_ENTRIES SHOWN:_
(* Let $\mathcal{X}=\{x_1,\dots,x_n\}$, $S=\mathbb{R}^{\mathcal{X}}$, and let $p$ be a program, $\sigma\in S$ an environment and $t\in\mathbb{R}_{\geq 0}$ a time instant. Then: (1) $(p,\sigma,t)\to^{\star}(\mathit{skip},\sigma',0)$ if and only if $[\![p]\!](\sigma)=\langle [0,t),h,\sigma'\rangle$ for some $h\colon[0,t)\to\mathbb{R}^{\mathcal{X}}$; (2) $(p,\sigma,t)\to^{\star}(\mathit{stop},\sigma',0)$ if and only if there are $t'\in\mathbb{R}_{\geq0}\cup\{\infty\}$ with $t'>t$ and $h\colon[0,t')\to\mathbb{R}^{\mathcal{X}}$ with $h(t)=\sigma'$ such that either $[\![p]\!](\sigma)=\langle[0,t'),h,\sigma''\rangle$ for some $\sigma''$, or $[\![p]\!](\sigma)=\langle[0,t'),h\rangle$.
   Context: Syntax. Fix variables $\mathcal{X}=\{x_1,\dots,x_n\}$. Linear terms: $s::= r\mid r\cdot x\mid s_1+s_2$ ($r\in\mathbb{R}$, $x\in\mathcal{X}$). Atomic programs: assignments $x:=s$ and differential statements $x_1'=u_1,\dots,x_n'=u_n\ \mathtt{for}\ s$ (abbreviated $\bar x'=\bar u\ \mathtt{for}\ s$), with $u_i,s$ linear terms. Programs: $p::= a\mid p;q\mid \mathtt{if}\ b\ \mathtt{then}\ p\ \mathtt{else}\ q\mid \mathtt{while}\ b\ \mathtt{do}\ p$, with $a$ atomic and $b$ an element of the free Boolean algebra generated by atoms $s_1\le s_2$, $s_1\ge s_2$. An environment is $\sigma\colon\mathcal{X}\to\mathbb{R}$; $s\sigma$, $b\sigma\in\{\top,\bot\}$ denote evaluation; $\sigma\triangledown[\bar v/\bar x]$ is $\sigma$ updated so that $x_i\mapsto v_i$. $\phi_\sigma\colon[0,\infty)\to\mathbb{R}^n$ denotes the solution of the linear ODE system $\bar x'=\bar u$ with initial value $(\sigma(x_1),\dots,\sigma(x_n))$. Small-step semantics: a relation $\to$ on triples $(p,\sigma,t)$ where $p$ is a program or one of the symbols $\mathit{skip},\mathit{stop}$, $\sigma$ an environment, $t\in\mathbb{R}_{\ge0}$, given by the rules: $(x:=s,\sigma,t)\to(\mathit{skip},\sigma\triangledown[s\sigma/x],t)$; $(\bar x'=\bar u\ \mathtt{for}\ s,\sigma,t)\to(\mathit{stop},\sigma\triangledown[\phi_\sigma(t)/\bar x],0)$ if $t<s\sigma$; $(\bar x'=\bar u\ \mathtt{for}\ s,\sigma,t)\to(\mathit{skip},\sigma\triangledown[\phi_\sigma(s\sigma)/\bar x],t-s\sigma)$ if $t\ge s\sigma$; $(\mathtt{if}\ b\ \mathtt{then}\ p\ \mathtt{else}\ q,\sigma,t)\to(p,\sigma,t)$ if $b\sigma=\top$ and $\to(q,\sigma,t)$ if $b\sigma=\bot$; $(\mathtt{while}\ b\ \mathtt{do}\ p,\sigma,t)\to(p;\mathtt{while}\ b\ \mathtt{do}\ p,\sigma,t)$ if $b\sigma=\top$ and $\to(\mathit{skip},\sigma,t)$ if $b\sigma=\bot$; if $(p,\sigma,t)\to(\mathit{stop},\sigma',t')$ then $(p;q,\sigma,t)\to(\mathit{stop},\sigma',t')$; if $(p,\sigma,t)\to(\mathit{skip},\sigma',t')$ then $(p;q,\sigma,t)\to(q,\sigma',t')$; if $(p,\sigma,t)\to(p',\sigma',t')$ with $p'\notin\{\mathit{skip},\mathit{stop}\}$ then $(p;q,\sigma,t)\to(p';q,\sigma',t')$. $\to^{\star}$ is the transitive closure of $\to$. Denotational semantics. For a set $S$, let $H_SX=\sum_{d\in\mathbb{R}_{\ge0}} S^{[0,d)}\times X\ \cup\ \sum_{I} S^{I}$, where in the second summand $I$ ranges over intervals $[0,d]$ ($d\in\mathbb{R}_{\ge0}$) and $[0,d)$ ($d\in\mathbb{R}_{\ge0}\cup\{\infty\}$); elements are written $\langle I,e,x\rangle$ and $\langle I,e\rangle$ with $e\colon I\to S$. Concatenation: $\langle[0,d_1),e_1\rangle\frown\langle J,e_2\rangle=\langle J',\lambda t.\ \text{if } t<d_1 \text{ then } e_1(t)\text{ else } e_2(t-d_1)\rangle$ with $J'=[0,d_1+d_2)$ if $J=[0,d_2)$ and $J'=[0,d_1+d_2]$ if $J=[0,d_2]$. Unit $\eta(x)=\langle\emptyset,!,x\rangle$. Kleisli lifting of $f\colon X\to H_SY$: $f^\star\langle I,e,x\rangle=\langle (I,e)\frown(J,e'),y\rangle$ if $f(x)=\langle J,e',y\rangle$; $f^\star\langle I,e,x\rangle=(I,e)\frown(J,e')$ if $f(x)=\langle J,e'\rangle$; $f^\star\langle I,e\rangle=\langle I,e\rangle$. For $g\colon X\to Y$, $H_S g=(\eta\cdot g)^\star$. Order on $H_SY$: $a\sqsubseteq b$ iff $a=b$, or $a=\langle I,e\rangle$ and $b$ is $\langle I',e'\rangle$ or $\langle I',e',y\rangle$ with $I\subseteq I'$ and $e=e'|_I$; functions are ordered pointwise. For $f\colon X\to H_S(Y\uplus X)$, $f^\dagger\colon X\to H_SY$ is the least fixpoint of $g\mapsto[\eta,g]^\star\cdot f$. Take $S=\mathbb{R}^{\mathcal{X}}$ and define $[\![p]\!]\colon S\to H_SS$: $[\![x:=s]\!](\sigma)=\eta(\sigma\triangledown[s\sigma/x])$; $[\![\bar x'=\bar u\ \mathtt{for}\ s]\!](\sigma)=\langle[0,s\sigma),\lambda t.\,\sigma\triangledown[\phi_\sigma(t)/\bar x],\sigma\triangledown[\phi_\sigma(s\sigma)/\bar x]\rangle$; $[\![p;q]\!](\sigma)=[\![q]\!]^\star([\![p]\!](\sigma))$; $[\![\mathtt{if}\ b\ \mathtt{then}\ p\ \mathtt{else}\ q]\!](\sigma)$ is $[\![p]\!](\sigma)$ if $b\sigma=\top$ and $[\![q]\!](\sigma)$ otherwise; $[\![\mathtt{while}\ b\ \mathtt{do}\ p]\!](\sigma)=\big(\lambda\sigma.\ \text{if } b\sigma=\top \text{ then } (H_S\mathsf{inr})([\![p]\!](\sigma)) \text{ else } \eta(\mathsf{inl}\,\sigma)\big)^\dagger(\sigma)$. *)

theory Defs
  imports "HOL-Analysis.Analysis"
begin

_TASK INSTRUCTIONS:_
Give back the whole listing. Match it exactly.

_YOUR SOLUTION:_
(* Let $\mathcal{X}=\{x_1,\dots,x_n\}$, $S=\mathbb{R}^{\mathcal{X}}$, and let $p$ be a program, $\sigma\in S$ an environment and $t\in\mathbb{R}_{\geq 0}$ a time instant. Then: (1) $(p,\sigma,t)\to^{\star}(\mathit{skip},\sigma',0)$ if and only if $[\![p]\!](\sigma)=\langle [0,t),h,\sigma'\rangle$ for some $h\colon[0,t)\to\mathbb{R}^{\mathcal{X}}$; (2) $(p,\sigma,t)\to^{\star}(\mathit{stop},\sigma',0)$ if and only if there are $t'\in\mathbb{R}_{\geq0}\cup\{\infty\}$ with $t'>t$ and $h\colon[0,t')\to\mathbb{R}^{\mathcal{X}}$ with $h(t)=\sigma'$ such that either $[\![p]\!](\sigma)=\langle[0,t'),h,\sigma''\rangle$ for some $\sigma''$, or $[\![p]\!](\sigma)=\langle[0,t'),h\rangle$.
   Context: Syntax. Fix variables $\mathcal{X}=\{x_1,\dots,x_n\}$. Linear terms: $s::= r\mid r\cdot x\mid s_1+s_2$ ($r\in\mathbb{R}$, $x\in\mathcal{X}$). Atomic programs: assignments $x:=s$ and differential statements $x_1'=u_1,\dots,x_n'=u_n\ \mathtt{for}\ s$ (abbreviated $\bar x'=\bar u\ \mathtt{for}\ s$), with $u_i,s$ linear terms. Programs: $p::= a\mid p;q\mid \mathtt{if}\ b\ \mathtt{then}\ p\ \mathtt{else}\ q\mid \mathtt{while}\ b\ \mathtt{do}\ p$, with $a$ atomic and $b$ an element of the free Boolean algebra generated by atoms $s_1\le s_2$, $s_1\ge s_2$. An environment is $\sigma\colon\mathcal{X}\to\mathbb{R}$; $s\sigma$, $b\sigma\in\{\top,\bot\}$ denote evaluation; $\sigma\triangledown[\bar v/\bar x]$ is $\sigma$ updated so that $x_i\mapsto v_i$. $\phi_\sigma\colon[0,\infty)\to\mathbb{R}^n$ denotes the solution of the linear ODE system $\bar x'=\bar u$ with initial value $(\sigma(x_1),\dots,\sigma(x_n))$. Small-step semantics: a relation $\to$ on triples $(p,\sigma,t)$ where $p$ is a program or one of the symbols $\mathit{skip},\mathit{stop}$, $\sigma$ an environment, $t\in\mathbb{R}_{\ge0}$, given by the rules: $(x:=s,\sigma,t)\to(\mathit{skip},\sigma\triangledown[s\sigma/x],t)$; $(\bar x'=\bar u\ \mathtt{for}\ s,\sigma,t)\to(\mathit{stop},\sigma\triangledown[\phi_\sigma(t)/\bar x],0)$ if $t<s\sigma$; $(\bar x'=\bar u\ \mathtt{for}\ s,\sigma,t)\to(\mathit{skip},\sigma\triangledown[\phi_\sigma(s\sigma)/\bar x],t-s\sigma)$ if $t\ge s\sigma$; $(\mathtt{if}\ b\ \mathtt{then}\ p\ \mathtt{else}\ q,\sigma,t)\to(p,\sigma,t)$ if $b\sigma=\top$ and $\to(q,\sigma,t)$ if $b\sigma=\bot$; $(\mathtt{while}\ b\ \mathtt{do}\ p,\sigma,t)\to(p;\mathtt{while}\ b\ \mathtt{do}\ p,\sigma,t)$ if $b\sigma=\top$ and $\to(\mathit{skip},\sigma,t)$ if $b\sigma=\bot$; if $(p,\sigma,t)\to(\mathit{stop},\sigma',t')$ then $(p;q,\sigma,t)\to(\mathit{stop},\sigma',t')$; if $(p,\sigma,t)\to(\mathit{skip},\sigma',t')$ then $(p;q,\sigma,t)\to(q,\sigma',t')$; if $(p,\sigma,t)\to(p',\sigma',t')$ with $p'\notin\{\mathit{skip},\mathit{stop}\}$ then $(p;q,\sigma,t)\to(p';q,\sigma',t')$. $\to^{\star}$ is the transitive closure of $\to$. Denotational semantics. For a set $S$, let $H_SX=\sum_{d\in\mathbb{R}_{\ge0}} S^{[0,d)}\times X\ \cup\ \sum_{I} S^{I}$, where in the second summand $I$ ranges over intervals $[0,d]$ ($d\in\mathbb{R}_{\ge0}$) and $[0,d)$ ($d\in\mathbb{R}_{\ge0}\cup\{\infty\}$); elements are written $\langle I,e,x\rangle$ and $\langle I,e\rangle$ with $e\colon I\to S$. Concatenation: $\langle[0,d_1),e_1\rangle\frown\langle J,e_2\rangle=\langle J',\lambda t.\ \text{if } t<d_1 \text{ then } e_1(t)\text{ else } e_2(t-d_1)\rangle$ with $J'=[0,d_1+d_2)$ if $J=[0,d_2)$ and $J'=[0,d_1+d_2]$ if $J=[0,d_2]$. Unit $\eta(x)=\langle\emptyset,!,x\rangle$. Kleisli lifting of $f\colon X\to H_SY$: $f^\star\langle I,e,x\rangle=\langle (I,e)\frown(J,e'),y\rangle$ if $f(x)=\langle J,e',y\rangle$; $f^\star\langle I,e,x\rangle=(I,e)\frown(J,e')$ if $f(x)=\langle J,e'\rangle$; $f^\star\langle I,e\rangle=\langle I,e\rangle$. For $g\colon X\to Y$, $H_S g=(\eta\cdot g)^\star$. Order on $H_SY$: $a\sqsubseteq b$ iff $a=b$, or $a=\langle I,e\rangle$ and $b$ is $\langle I',e'\rangle$ or $\langle I',e',y\rangle$ with $I\subseteq I'$ and $e=e'|_I$; functions are ordered pointwise. For $f\colon X\to H_S(Y\uplus X)$, $f^\dagger\colon X\to H_SY$ is the least fixpoint of $g\mapsto[\eta,g]^\star\cdot f$. Take $S=\mathbb{R}^{\mathcal{X}}$ and define $[\![p]\!]\colon S\to H_SS$: $[\![x:=s]\!](\sigma)=\eta(\sigma\triangledown[s\sigma/x])$; $[\![\bar x'=\bar u\ \mathtt{for}\ s]\!](\sigma)=\langle[0,s\sigma),\lambda t.\,\sigma\triangledown[\phi_\sigma(t)/\bar x],\sigma\triangledown[\phi_\sigma(s\sigma)/\bar x]\rangle$; $[\![p;q]\!](\sigma)=[\![q]\!]^\star([\![p]\!](\sigma))$; $[\![\mathtt{if}\ b\ \mathtt{then}\ p\ \mathtt{else}\ q]\!](\sigma)$ is $[\![p]\!](\sigma)$ if $b\sigma=\top$ and $[\![q]\!](\sigma)$ otherwise; $[\![\mathtt{while}\ b\ \mathtt{do}\ p]\!](\sigma)=\big(\lambda\sigma.\ \text{if } b\sigma=\top \text{ then } (H_S\mathsf{inr})([\![p]\!](\sigma)) \text{ else } \eta(\mathsf{inl}\,\sigma)\big)^\dagger(\sigma)$. *)

theory Defs
  imports "HOL-Analysis.Analysis"
begin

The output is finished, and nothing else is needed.